In the first chapter of Blackout, THIS IS SO SURREAL. Intrigued? Then it’s time for Mark to start Blackout.
I mean, WHO THOUGHT WE’D EVER BE AT THIS POINT? Like, okay, clearly I have never read a series like this in my whole life. Narrator of first book dies at the end of said book, their brother takes over narration, and the original narrator takes over in the third book? WHAT THE FUCK.
And Mira Grant uses all this weirdness to her advantage to give us one hell of an opening for Blackout. Of course, my videos for this chapter are mostly me going, “HOW IS THIS POSSIBLE” for one important reason: How is any of this possible? How can Georgia be here, and how can she have memories of her own death? But I am quickly realizing that this is not the question I need to be asking. It’s now more important that I know why this has happened.
There are enough clues here to confirm that Georgia is being held at a CDC facility, and I’m pretty damn positive that it’s in Memphis as well. That would explain Dr. Wynne’s hellish reaction to Shaun and company, at least partially. He needed to get them out of the facility without discovering that Georgia was there. (It’s a theory. I want to either make myself more prepared than ever, or I’ll just inspire a wave of nunnery instead. Whatever, I think this is a good theory!) Even the end of this chapter, which features Georgia’s shocking revelation that she knows she is a clone, gives us some sort of closure. Okay, so that’s what this is. The CDC cloned Georgia.

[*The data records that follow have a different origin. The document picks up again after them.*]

lemma gauss_poly_has_derivative:
  "(gauss_poly c p has_real_derivative gauss_poly c (gauss_deriv_poly c p) t) (at t)"
proof -
  have "(gauss_poly c p has_real_derivative
      poly (pderiv p) t * exp (- (c * t^2)) + poly p t * (exp (- (c * t^2)) * (- (c * (2 * t))))) (at t)"
    unfolding gauss_poly_def[abs_def] by (auto intro!: derivative_eq_intros poly_DERIV)
  then show ?thesis
    by (simp add: gauss_poly_def gauss_deriv_poly_def algebra_simps)
qed

lemma deriv_gauss_poly: "deriv (gauss_poly c p) = gauss_poly c (gauss_deriv_poly c p)"
  using gauss_poly_has_derivative DERIV_imp_deriv by blast

lemma funpow_deriv_gauss_poly: "(deriv^^n) (gauss_poly c p) = gauss_poly c ((gauss_deriv_poly c ^^ n) p)"
  by (induction n) (simp_all add: deriv_gauss_poly)

lemma real_smooth_gauss_poly: "real_smooth (gauss_poly c p)"
  unfolding real_smooth_def funpow_deriv_gauss_poly
  using gauss_poly_has_derivative real_differentiable_def by blast

section \<open>Hermite functions as tensor products\<close>

lemma power2_norm_vec: "norm (y::real^'d::finite) ^ 2 = (\<Sum>j\<in>UNIV. (y$j)^2)"
  unfolding power2_norm_eq_inner inner_vec_def by (simp add: power2_eq_square)

lemma exp_minus_norm_eq_tensor_prod:
  "exp (- (c * norm (x::real^'d::finite) ^ 2)) = tensor_prod (\<lambda>j. gauss_poly c 1) x"
  by (simp add: tensor_prod_def gauss_poly_def power2_norm_vec exp_sum[symmetric] sum_negf sum_distrib_left)

definition hermite_const :: "('d::finite) mindex \<Rightarrow> real" where
  "hermite_const \<gamma> =
     (-1) ^ mabs \<gamma> / sqrt (2 ^ mabs \<gamma> * real (mfact \<gamma>) * pi powr (real CARD('d) / 2))"

text \<open>The normalising constant is absorbed into the factor of one arbitrary coordinate.\<close>
definition hermite_factor :: "('d::finite) mindex \<Rightarrow> 'd \<Rightarrow> real poly" where
  "hermite_factor \<gamma> j =
     smult (if j = undefined then hermite_const \<gamma> else 1) ((gauss_deriv_poly 1 ^^ \<gamma> j) 1)"

lemma tensor_prod_gauss_poly:
  "tensor_prod (\<lambda>j. gauss_poly c (p j)) x = (\<Prod>j\<in>UNIV. poly (p j) (x$j)) * exp (- (c * norm x ^ 2))"
  by (simp add: exp_minus_norm_eq_tensor_prod tensor_prod_def gauss_poly_def prod.distrib)

lemma prod_hermite_factor:
  "(\<Prod>j\<in>UNIV. poly (hermite_factor \<gamma> j) (t j))
     = hermite_const \<gamma> * (\<Prod>j\<in>UNIV. poly ((gauss_deriv_poly 1 ^^ \<gamma> j) 1) (t j))"
  by (simp add: hermite_factor_def prod.distrib)

lemma hermite_fun_eq_tensor_prod:
  fixes \<gamma> :: "('d::finite) mindex"
  shows "hermite_fun \<gamma> = tensor_prod (\<lambda>j. gauss_poly (1/2) (hermite_factor \<gamma> j))"
proof
  fix x :: "real^'d"
  define P where "P = (\<Prod>j\<in>UNIV. poly ((gauss_deriv_poly 1 ^^ \<gamma> j) 1) (x$j))"
  have "(\<lambda>y::real^'d. exp (- (norm y ^ 2))) = tensor_prod (\<lambda>j. gauss_poly 1 1)"
    using exp_minus_norm_eq_tensor_prod[of 1] by auto
  then have md: "mderiv \<gamma> (\<lambda>y::real^'d. exp (- (norm y ^ 2))) x = P * exp (- (norm x ^ 2))"
    by (simp add: mderiv_tensor_prod real_smooth_gauss_poly funpow_deriv_gauss_poly
        tensor_prod_gauss_poly P_def)
  have "exp (norm x ^ 2) * exp (- (norm x ^ 2)) = 1"
    by (simp flip: exp_add)
  then have "hermite_fun \<gamma> x = hermite_const \<gamma> * P * exp (- (1/2 * norm x ^ 2))"
    unfolding hermite_fun_def hermite_poly_def hermite_const_def md by (simp add: field_simps)
  also have "\<dots> = tensor_prod (\<lambda>j. gauss_poly (1/2) (hermite_factor \<gamma> j)) x"
    by (simp add: tensor_prod_gauss_poly prod_hermite_factor[of \<gamma> "\<lambda>j. x$j"] P_def)
  finally show "hermite_fun \<gamma> x = tensor_prod (\<lambda>j. gauss_poly (1/2) (hermite_factor \<gamma> j)) x" .
qed

lemma smooth_hermite_fun: "smooth (hermite_fun \<gamma>)"
  unfolding hermite_fun_eq_tensor_prod by (rule smooth_tensor_prod) (rule real_smooth_gauss_poly)

section \<open>One-dimensional estimates\<close>

definition halfpow1 :: "nat \<Rightarrow> real" where
  "halfpow1 m = sqrt (real m ^ m)"

lemma halfpow1_nonneg: "0 \<le> halfpow1 m"
  unfolding halfpow1_def by simp

lemma halfpow_eq_prod_halfpow1: "halfpow \<alpha> = (\<Prod>j\<in>UNIV. halfpow1 (\<alpha> j))"
  unfolding halfpow_def halfpow1_def ..

lemma power_le_selfpow_mult_exp:
  assumes "(s::real) \<ge> 0"
  shows "s ^ m \<le> real m ^ m * exp s"
proof (cases "m = 0")
  case False
  then have m: "real m > 0" by simp
  have "s / m \<le> exp (s / m)"
    using exp_ge_add_one_self[of "s/m"] by linarith
  then have "(s / m) ^ m \<le> exp (s / m) ^ m"
    by (rule power_mono) (use assms m in simp)
  also have "exp (s / m) ^ m = exp s"
    using m by (simp flip: exp_of_nat_mult)
  finally show ?thesis
    using m by (simp add: power_divide field_simps)
qed (use assms in simp)

lemma abs_power_mult_gauss_le: "\<bar>t\<bar> ^ m * exp (- (1/2 * t^2)) \<le> halfpow1 m"
proof -
  have "(\<bar>t\<bar> ^ m * exp (- (1/2 * t^2)))^2 = (t^2)^m * exp (- (t^2))"
    by (simp add: power_mult_distrib power_even_abs mult.commute
        flip: exp_of_nat_mult power_mult)
  also have "\<dots> \<le> real m ^ m"
    using power_le_selfpow_mult_exp[of "t^2" m] by (simp add: exp_minus field_simps)
  finally show ?thesis
    unfolding halfpow1_def by (rule real_le_rsqrt)
qed

lemma halfpow1_Suc_le: "halfpow1 (Suc m) \<le> 2 ^ m * halfpow1 m"
proof -
  have "(m+1)^(m+1) \<le> 4^m * m^m"
  proof (cases "m = 0")
    case False
    have "(m+1)^m \<le> (2*m)^m"
      by (rule power_mono) (use False in auto)
    moreover have "m + 1 \<le> 2^m"
      using False by (metis Suc_eq_plus1 Suc_leI less_exp)
    ultimately have "(m+1) * (m+1)^m \<le> 2^m * (2*m)^m"
      by (rule mult_le_mono[rotated])
    also have "\<dots> = 2^m * 2^m * m^m"
      by (simp add: power_mult_distrib)
    also have "(2::nat)^m * 2^m = 4^m"
      by (simp flip: power_mult_distrib)
    finally show ?thesis by simp
  qed simp
  then have "real ((m+1)^(m+1)) \<le> real (4^m * m^m)"
    by (rule of_nat_mono)
  moreover have "((2::real)^m)^2 = 4^m"
    by (simp add: power2_eq_square flip: power_mult_distrib)
  ultimately have "real (Suc m) ^ Suc m \<le> (2^m)^2 * real m ^ m"
    by (metis Suc_eq_plus1 of_nat_mult of_nat_numeral of_nat_power)
  then have "sqrt (real (Suc m) ^ Suc m) \<le> sqrt ((2^m)^2 * real m ^ m)"
    by (rule real_sqrt_le_mono)
  then show ?thesis
    unfolding halfpow1_def by (simp add: real_sqrt_mult)
qed

lemma halfpow1_add_le: "halfpow1 (m + i) \<le> 2 ^ (i * (m + i)) * halfpow1 m"
proof (induction i)
  case (Suc i)
  have "halfpow1 (m + Suc i) \<le> 2 ^ (m + i) * halfpow1 (m + i)"
    using halfpow1_Suc_le[of "m+i"] by simp
  also have "\<dots> \<le> 2 ^ (m + i) * (2 ^ (i * (m + i)) * halfpow1 m)"
    using Suc by (simp add: mult_left_mono)
  also have "\<dots> = 2 ^ ((i+1) * (m + i)) * halfpow1 m"
    by (simp add: power_add algebra_simps)
  also have "\<dots> \<le> 2 ^ (Suc i * (m + Suc i)) * halfpow1 m"
    by (rule mult_right_mono[OF power_increasing halfpow1_nonneg]) auto
  finally show ?case .
qed simp

lemma of_nat_mult_halfpow1_le:
  assumes "real k \<le> real m + 2"
  shows "real k * halfpow1 m \<le> halfpow1 (m + 2)"
proof -
  have "(real k)^2 * real m ^ m \<le> (real m + 2)^2 * (real m + 2) ^ m"
    by (rule mult_mono) (use assms in \<open>auto intro!: power_mono\<close>)
  also have "\<dots> = real (m + 2) ^ (m + 2)"
    by (simp add: power_add power2_eq_square algebra_simps)
  finally have "sqrt ((real k)^2 * real m ^ m) \<le> sqrt (real (m + 2) ^ (m + 2))"
    by (rule real_sqrt_le_mono)
  then show ?thesis
    unfolding halfpow1_def by (simp add: real_sqrt_mult)
qed

text \<open>Since \<open>|t|^m exp(-t^2/2) \<le> m^(m/2)\<close>, this bounds \<open>sup\<^sub>t |t^a p(t) exp(-t^2/2)|\<close>
  coefficient by coefficient.\<close>
definition poly_moment_bound :: "real poly \<Rightarrow> nat \<Rightarrow> real" where
  "poly_moment_bound p a = (\<Sum>i\<le>degree p. \<bar>coeff p i\<bar> * halfpow1 (a + i))"

lemma poly_moment_bound_eq_sum:
  "degree p \<le> N \<Longrightarrow> poly_moment_bound p a = (\<Sum>i\<le>N. \<bar>coeff p i\<bar> * halfpow1 (a + i))"
  unfolding poly_moment_bound_def
  by (rule sum.mono_neutral_left) (auto simp: coeff_eq_0)

lemma abs_power_mult_gauss_poly_le: "\<bar>t^a * gauss_poly (1/2) p t\<bar> \<le> poly_moment_bound p a"
proof -
  have "t^a * gauss_poly (1/2) p t = (\<Sum>i\<le>degree p. coeff p i * (t^(a+i) * exp (- (1/2 * t^2))))"
    unfolding gauss_poly_def poly_altdef
    by (simp add: sum_distrib_left sum_distrib_right power_add algebra_simps)
  also have "\<bar>\<dots>\<bar> \<le> (\<Sum>i\<le>degree p. \<bar>coeff p i\<bar> * (\<bar>t\<bar>^(a+i) * exp (- (1/2 * t^2))))"
    by (rule order.trans[OF sum_abs]) (simp add: abs_mult power_abs)
  also have "\<dots> \<le> poly_moment_bound p a"
    unfolding poly_moment_bound_def
    by (intro sum_mono mult_left_mono abs_power_mult_gauss_le) simp
  finally show ?thesis .
qed

lemma poly_moment_bound_diff:
  "poly_moment_bound (p - q) a \<le> poly_moment_bound p a + poly_moment_bound q a"
proof -
  define N where "N = max (degree p) (degree q)"
  have "degree (p - q) \<le> N"
    unfolding N_def by (rule degree_diff_le_max)
  then have "poly_moment_bound (p - q) a = (\<Sum>i\<le>N. \<bar>coeff p i - coeff q i\<bar> * halfpow1 (a + i))"
    by (simp add: poly_moment_bound_eq_sum)
  also have "\<dots> \<le> (\<Sum>i\<le>N. \<bar>coeff p i\<bar> * halfpow1 (a + i) + \<bar>coeff q i\<bar> * halfpow1 (a + i))"
    by (intro sum_mono) (use halfpow1_nonneg in \<open>auto simp flip: distrib_right
        intro!: mult_right_mono abs_triangle_ineq4\<close>)
  also have "\<dots> = poly_moment_bound p a + poly_moment_bound q a"
    using poly_moment_bound_eq_sum[of p N a] poly_moment_bound_eq_sum[of q N a]
    by (simp add: sum.distrib N_def)
  finally show ?thesis .
qed

lemma poly_moment_bound_smult: "poly_moment_bound (smult c p) a = \<bar>c\<bar> * poly_moment_bound p a"
  by (simp add: poly_moment_bound_eq_sum[OF degree_smult_le] poly_moment_bound_def
      abs_mult sum_distrib_left mult.assoc)

lemma poly_moment_bound_pCons_0: "poly_moment_bound (pCons 0 p) a = poly_moment_bound p (a + 1)"
proof -
  have "poly_moment_bound (pCons 0 p) a
      = (\<Sum>i\<le>Suc (degree p). \<bar>coeff (pCons 0 p) i\<bar> * halfpow1 (a + i))"
    by (rule poly_moment_bound_eq_sum[OF degree_pCons_le])
  also have "\<dots> = (\<Sum>i\<le>degree p. \<bar>coeff p i\<bar> * halfpow1 (a + 1 + i))"
    by (subst sum.atMost_Suc_shift) simp
  finally show ?thesis
    by (simp add: poly_moment_bound_def)
qed

lemma poly_moment_bound_pderiv: "poly_moment_bound (pderiv p) a \<le> poly_moment_bound p (a + 1)"
proof -
  have "poly_moment_bound (pderiv p) a = (\<Sum>i\<le>degree p. \<bar>coeff p (Suc i)\<bar> * (real (Suc i) * halfpow1 (a + i)))"
    by (simp add: poly_moment_bound_eq_sum[of _ "degree p"] degree_pderiv coeff_pderiv abs_mult
        mult_ac del: of_nat_Suc)
  also have "\<dots> \<le> (\<Sum>i\<le>degree p. \<bar>coeff p (Suc i)\<bar> * halfpow1 (a + 1 + Suc i))"
    by (intro sum_mono mult_left_mono) (use of_nat_mult_halfpow1_le[of "Suc i" "a + i" for i] in auto)
  also have "\<dots> \<le> \<bar>coeff p 0\<bar> * halfpow1 (a + 1 + 0) + (\<Sum>i\<le>degree p. \<bar>coeff p (Suc i)\<bar> * halfpow1 (a + 1 + Suc i))"
    using halfpow1_nonneg by simp
  also have "\<dots> = (\<Sum>i\<le>Suc (degree p). \<bar>coeff p i\<bar> * halfpow1 (a + 1 + i))"
    by (rule sum.atMost_Suc_shift[symmetric])
  also have "\<dots> = poly_moment_bound p (a + 1)"
    by (rule poly_moment_bound_eq_sum[symmetric]) simp
  finally show ?thesis .
qed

BUT WHY? For all the surreal, unsettling things that we see and experience in this opening chapter, it’s the one question that remains as unanswered as it was in the very beginning. Clearly, the scientists working on her did not expect her to wake up and be cognizant this soon. They’re watching her for a reason, and they also have the need to guard her heavily. BUT. WHY. WHY. WHY.
To be fair, Georgia’s not in a state to start asking these questions, at least in the context of her experience. She wants to know where she is and what happened, but she hasn’t quite made it to a point where she can start discerning the ultimate goal of these people. This chapter is largely about sensory perception. What does Georgia see around her? How has her own physical body changed? How do the people around her behave in her presence? Grant goes to great lengths to assign meaning to all of these things because it’s all that Georgia has. She is a journalist, and you can see how natural it is for her to immediately shift right into that role. She observes. She collates details. She connects the dots. And when the time comes, she asks the right question. She clearly had already figured out that the inconsistencies in her own body must be due to cloning, so she picks the question that will put Dr. Thomas off-guard.
The blog post that ends this chapter is also brilliant because it gives us more insight into what’s happening with Shaun without any narration from him. It was neat to see that Dr. Abbey was in contact with Dr. Shoji, and I fully expect an awesome montage sequence with all the rogue doctors. I NEED THIS IN MY LIFE. Anyway, like the chapter proper, Dr. Abbey’s email really drives home the idea that Grant is going for a surreal atmosphere in Blackout. I am all for this book getting super weird, as long as I do get some answers behind what’s going on. Looks like I’ll have to wait a while for them, but I’m fine with that if the journey is going to be as fun as this first chapter makes it seem.